(Collected data)
lemma power_diff_bigo_of_Ln_diff_bigo:
  fixes G u h :: "'a \<Rightarrow> complex"
  assumes G: "(G \<longlongrightarrow> 1) F" and u: "(u \<longlongrightarrow> 1) F" and h: "(h \<longlongrightarrow> 0) F"
    and Ln_diff: "(\<lambda>x. Ln (G x) - of_nat n * Ln (u x)) \<in> O[F](h)"
  shows "(\<lambda>x. G x - u x ^ n) \<in> O[F](h)"
proof -
  have "((\<lambda>x. of_nat n * Ln (u x)) \<longlongrightarrow> of_nat n * Ln 1) F"
    by (intro tendsto_intros u) simp
  then have "((\<lambda>x. exp (of_nat n * Ln (u x))) \<longlongrightarrow> exp 0) F"
    by (intro tendsto_intros) simp
  then have bigo: "(\<lambda>x. exp (of_nat n * Ln (u x)) * (exp (Ln (G x) - of_nat n * Ln (u x)) - 1))
      \<in> O[F](h)"
    using Ln_diff bigo_tendsto_zero[OF Ln_diff h]
    by (intro bounded_mult_bigo tendsto_imp_bigo_1 exp_minus_one_bigo)
  have "eventually (\<lambda>x. G x \<noteq> 0 \<and> u x \<noteq> 0) F"
    using tendsto_imp_eventually_ne[OF G] tendsto_imp_eventually_ne[OF u]
    by (auto simp: eventually_conj_iff)
  then have "eventually (\<lambda>x. exp (of_nat n * Ln (u x)) * (exp (Ln (G x) - of_nat n * Ln (u x)) - 1)
      = G x - u x ^ n) F"
    by (elim eventually_mono) (simp add: power_diff_eq_exp_Ln_diff)
  from this bigo show ?thesis
    by (rule landau_o.big.in_cong[THEN iffD1])
qed

lemma shift_subs_bigo:
  fixes f :: "'a \<Rightarrow> nat \<Rightarrow> 'b::real_normed_field"
  assumes "\<forall>l\<in>set ls. l \<in> O[F](\<lambda>_. 1)" and "\<forall>n \<le> N + length ls. (\<lambda>x. f x n) \<in> O[F](g)"
    and "n \<le> N"
  shows "(\<lambda>x. shift_subs (map (\<lambda>l. l x) ls) (f x) n) \<in> O[F](g)"
  using assms
proof (induct ls arbitrary: N n)
  case (Cons l ls)
  have "(\<lambda>x. shift_subs (map (\<lambda>l. l x) ls) (f x) k) \<in> O[F](g)" if "k \<le> Suc N" for k
    using Cons.hyps[of "Suc N" k] Cons.prems that by auto
  then show ?case
    using Cons.prems
    by (auto simp: shift_sub_def intro!: sum_in_bigo bounded_mult_bigo)
qed simp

● The problem
All lines with the word "Cons" are needed; pull them from the entries and copy each.

● Task output
  case (Cons l ls)
    using Cons.hyps[of "Suc N" k] Cons.prems that by auto
    using Cons.prems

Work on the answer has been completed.